Re: AI Jailer.

From: Cliff Stabbert (
Date: Sat Jul 06 2002 - 13:24:12 MDT

Saturday, July 6, 2002, 9:27:49 AM, Mike & Donna Deering wrote:

MDD> What strategies are available to the three participants?
MDD> The programmer can listen to the AI and try to determine
MDD> based on its' communications if it is friendly. The
MDD> Friendly AI can communicate with the programmer and try
MDD> to convince him that it is Friendly. The Unfriendly AI
MDD> can communicate with the programmer and try to convince
MDD> him it is Friendly.

MDD> What limitations? Any argument available to the Friendly
MDD> AI is also available to the Unfriendly AI. Therefore the
MDD> programmer has no way of determining the status of the AI.

MDD> In the case of uncertainty what to do? The way I see it,
MDD> there are three possibilities:

MDD> 1. You release an Unfriendly AI and the world is
MDD> destroyed.
MDD> 2. You release a Friendly AI and the world if saved.
MDD> 3. You release no AI and the world is destroyed by
MDD> knowledge enabled weapons.

MDD> It seems to me that you have no choice but to release the AI.

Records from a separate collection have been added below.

(* Let $\alpha$ be a set and $\odot:\alpha\times\alpha\to\alpha$. Calls $\mathrm{reduce}(\odot,\mathit{rdd})$ have deterministic outcomes if and only if $(\alpha,\odot)$ is a commutative semigroup, i.e. $\odot$ is associative and commutative.
   Context: Lists are finite; $\mathbin{+\!\!+}$ is concatenation. $\mathrm{foldl}(f,b,[\,])=b$, $\mathrm{foldl}(f,b,[x_1,\dots,x_n])=f(\cdots f(f(b,x_1),x_2)\cdots,x_n)$; for a nonempty list, $\mathrm{reducel}(f,[x_1,\dots,x_n])=\mathrm{foldl}(f,x_1,[x_2,\dots,x_n])$. An RDD is a list of lists. A partitioning (for reduce) is a function $P$ sending each nonempty list $L$ to an RDD obtained by splitting $L$ into consecutive nonempty pieces $p_1,\dots,p_n$ with $p_1\mathbin{+\!\!+}\cdots\mathbin{+\!\!+}p_n=L$ and then arbitrarily permuting $[p_1,\dots,p_n]$. $\mathrm{reduce}_{\mathrm{det}}(\odot,[q_1,\dots,q_m])=\mathrm{reducel}(\odot,[\mathrm{reducel}(\odot,q_1),\dots,\mathrm{reducel}(\odot,q_m)])$. Calls $\mathrm{reduce}(\odot,\mathit{rdd})$ have deterministic outcomes if $\mathrm{reduce}_{\mathrm{det}}(\odot,P(L))=\mathrm{reducel}(\odot,L)$ for all nonempty lists $L$ over $\alpha$ and all such partitionings $P$. *)

theory Defs
  imports Main "HOL-Library.Multiset"
begin

text \<open>reducel f [x1,...,xn] = foldl f x1 [x2,...,xn]; only used on nonempty lists.\<close>
definition reducel :: "('a \<Rightarrow> 'a \<Rightarrow> 'a) \<Rightarrow> 'a list \<Rightarrow> 'a" where
  "reducel f xs = foldl f (hd xs) (tl xs)"

text \<open>An RDD R arises from L by splitting L into consecutive nonempty pieces
  and arbitrarily permuting the list of pieces.\<close>
definition is_partition_of :: "'a list list \<Rightarrow> 'a list \<Rightarrow> bool" where
  "is_partition_of R L \<longleftrightarrow>
     (\<exists>ps. (\<forall>p\<in>set ps. p \<noteq> []) \<and> concat ps = L \<and> mset R = mset ps)"

definition partitioning :: "('a list \<Rightarrow> 'a list list) \<Rightarrow> bool" where
  "partitioning P \<longleftrightarrow> (\<forall>L. L \<noteq> [] \<longrightarrow> is_partition_of (P L) L)"

definition reduce_det :: "('a \<Rightarrow> 'a \<Rightarrow> 'a) \<Rightarrow> 'a list list \<Rightarrow> 'a" where
  "reduce_det f qs = reducel f (map (reducel f) qs)"

definition deterministic_reduce :: "('a \<Rightarrow> 'a \<Rightarrow> 'a) \<Rightarrow> bool" where
  "deterministic_reduce f \<longleftrightarrow>
     (\<forall>P. partitioning P \<longrightarrow> (\<forall>L. L \<noteq> [] \<longrightarrow> reduce_det f (P L) = reducel f L))"

end

theory Submission
  imports Defs
begin

text \<open>If \<open>f\<close> is associative, \<open>reducel\<close> turns concatenation into \<open>f\<close>, so reducing the pieces
  of a split and then the partial results gives the reduction of the whole list; if \<open>f\<close> is
  moreover commutative, \<open>reducel\<close> depends only on the multiset of its arguments, so permuting
  the pieces does not matter. Conversely, the partitionings sending \<open>[x, y, z]\<close> to
  \<open>[[x], [y, z]]\<close> and \<open>[x, y]\<close> to \<open>[[y], [x]]\<close> force associativity and commutativity.\<close>

context semigroup
begin

lemma foldl_f_assoc: "foldl f (f a b) xs = f a (foldl f b xs)"
  by (induction xs arbitrary: b) (simp_all add: assoc)

lemma reducel_append:
  assumes "xs \<noteq> []" "ys \<noteq> []"
  shows "reducel f (xs @ ys) = f (reducel f xs) (reducel f ys)"
proof -
  obtain y ys' where ys: "ys = y # ys'" using assms(2) by (cases ys) auto
  have "reducel f (xs @ ys) = foldl f (reducel f xs) ys"
    using assms(1) by (cases xs) (simp_all add: reducel_def)
  also have "\<dots> = f (reducel f xs) (reducel f ys)"
    by (simp add: ys reducel_def foldl_f_assoc)
  finally show ?thesis .
qed

lemma reducel_map_reducel:
  assumes "ps \<noteq> []" "\<forall>p\<in>set ps. p \<noteq> []"
  shows "reducel f (map (reducel f) ps) = reducel f (concat ps)"
  using assms
proof (induction ps)
  case Nil
  then show ?case by simp
next
  case (Cons p ps)
  show ?case
  proof (cases "ps = []")
    case True
    then show ?thesis by (simp add: reducel_def)
  next
    case False
    then have "concat ps \<noteq> []" using Cons.prems(2) by (cases ps) auto
    have "reducel f (map (reducel f) (p # ps)) = f (reducel f p) (reducel f (map (reducel f) ps))"
      using reducel_append[of "[reducel f p]" "map (reducel f) ps"] False
      by (simp add: reducel_def)
    also have "\<dots> = f (reducel f p) (reducel f (concat ps))"
      using Cons False by simp
    also have "\<dots> = reducel f (concat (p # ps))"
      using reducel_append[of p "concat ps"] Cons.prems \<open>concat ps \<noteq> []\<close> by simp
    finally show ?thesis .
  qed
qed

end

text \<open>Adjoining a unit \<open>None\<close> turns \<open>reducel\<close> into a \<open>fold\<close>, whose invariance under
  permutations is \<open>fold_multiset_equiv\<close>.\<close>

definition snoc_option :: "('a \<Rightarrow> 'a \<Rightarrow> 'a) \<Rightarrow> 'a \<Rightarrow> 'a option \<Rightarrow> 'a option" where
  "snoc_option f x a = (case a of None \<Rightarrow> Some x | Some b \<Rightarrow> Some (f b x))"

lemma fold_snoc_option_Some: "fold (snoc_option f) xs (Some a) = Some (foldl f a xs)"
  by (induction xs arbitrary: a) (simp_all add: snoc_option_def)

lemma fold_snoc_option_None:
  "xs \<noteq> [] \<Longrightarrow> fold (snoc_option f) xs None = Some (reducel f xs)"
  by (cases xs) (simp_all add: reducel_def snoc_option_def fold_snoc_option_Some)

context abel_semigroup
begin

lemma snoc_option_comp_commute:
  "snoc_option f x \<circ> snoc_option f y = snoc_option f y \<circ> snoc_option f x"
  by (rule ext) (simp add: snoc_option_def commute left_commute split: option.split)

lemma reducel_mset_eq:
  assumes "xs \<noteq> []" "mset xs = mset ys"
  shows "reducel f xs = reducel f ys"
proof -
  have "ys \<noteq> []" using assms by auto
  have "fold (snoc_option f) xs = fold (snoc_option f) ys"
    using assms(2) snoc_option_comp_commute by (intro fold_multiset_equiv) auto
  then show ?thesis
    using fold_snoc_option_None[of xs f] fold_snoc_option_None[of ys f] assms(1) \<open>ys \<noteq> []\<close>
    by simp
qed

lemma deterministic_reduce: "deterministic_reduce f"
  unfolding deterministic_reduce_def
proof (intro allI impI)
  fix P :: "'a list \<Rightarrow> 'a list list" and L :: "'a list"
  assume "partitioning P" "L \<noteq> []"
  then obtain ps where ps: "\<forall>p\<in>set ps. p \<noteq> []" "concat ps = L" "mset (P L) = mset ps"
    unfolding partitioning_def is_partition_of_def by blast
  then have "ps \<noteq> []" "P L \<noteq> []" using \<open>L \<noteq> []\<close> by auto
  have "reduce_det f (P L) = reducel f (map (reducel f) ps)"
    using reducel_mset_eq[of "map (reducel f) (P L)" "map (reducel f) ps"] \<open>P L \<noteq> []\<close> ps(3)
    by (simp add: reduce_det_def)
  also have "\<dots> = reducel f L"
    using reducel_map_reducel[OF \<open>ps \<noteq> []\<close> ps(1)] ps(2) by simp
  finally show "reduce_det f (P L) = reducel f L" .
qed

end

lemma is_partition_of_singleton: "L \<noteq> [] \<Longrightarrow> is_partition_of [L] L"
  unfolding is_partition_of_def by (intro exI[of _ "[L]"]) simp

text \<open>Any single partition of a list is realised by some partitioning, namely the one leaving
  every other list in one piece.\<close>

lemma deterministic_reduce_partition:
  assumes "deterministic_reduce f" "is_partition_of R L" "L \<noteq> []"
  shows "reduce_det f R = reducel f L"
proof -
  let ?P = "\<lambda>L'. if L' = L then R else [L']"
  have "partitioning ?P"
    unfolding partitioning_def using assms(2) is_partition_of_singleton by auto
  then have "reduce_det f (?P L) = reducel f L"
    using assms(1,3) unfolding deterministic_reduce_def by blast
  then show ?thesis by simp
qed

lemma deterministic_reduce_abel_semigroup:
  assumes "deterministic_reduce f"
  shows "abel_semigroup f"
proof unfold_locales
  fix x y z :: 'a
  have "is_partition_of [[x], [y, z]] [x, y, z]"
    unfolding is_partition_of_def by (intro exI[of _ "[[x], [y, z]]"]) simp
  from deterministic_reduce_partition[OF assms this]
  show "f (f x y) z = f x (f y z)" by (simp add: reduce_det_def reducel_def)
next
  fix x y :: 'a
  have "is_partition_of [[y], [x]] [x, y]"
    unfolding is_partition_of_def by (intro exI[of _ "[[x], [y]]"]) auto
  from deterministic_reduce_partition[OF assms this]
  show "f x y = f y x" by (simp add: reduce_det_def reducel_def)
qed

theorem corollary2:
  fixes f :: "'a \<Rightarrow> 'a \<Rightarrow> 'a"
  shows "deterministic_reduce f \<longleftrightarrow>
    (\<forall>x y z. f (f x y) z = f x (f y z)) \<and> (\<forall>x y. f x y = f y x)"
proof -
  have "abel_semigroup f \<longleftrightarrow>
      (\<forall>x y z. f (f x y) z = f x (f y z)) \<and> (\<forall>x y. f x y = f y x)"
    unfolding abel_semigroup_def abel_semigroup_axioms_def semigroup_def by blast
  then show ?thesis
    using deterministic_reduce_abel_semigroup abel_semigroup.deterministic_reduce by blast
qed

end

Very nice bit of speculation...I think you may have hit the nail on
the head. It does make me wonder a bit at Eliezer's request for a
two-hour block of time. But maybe that's just a safety limit, so he
has time to lay out further reasoned arguments for the above to
convince the stubborn. E.g.,

3A. You don't release the AI, and somebody else who hasn't attempted
    to build their AI as Friendly does.

4. Since you must make a choice sooner or later, and since that
    choice will always be uncertain, you may as well make it now since
    that will maximize the benefit (i.e., stop suffering and dying
    sooner) if the AI is Friendly.

I haven't read his whole piece on Friendly AIs yet (for shame, for
shame!), so I don't know if he makes any reference to Pascal's
Wager, but something similar to that would seem to apply.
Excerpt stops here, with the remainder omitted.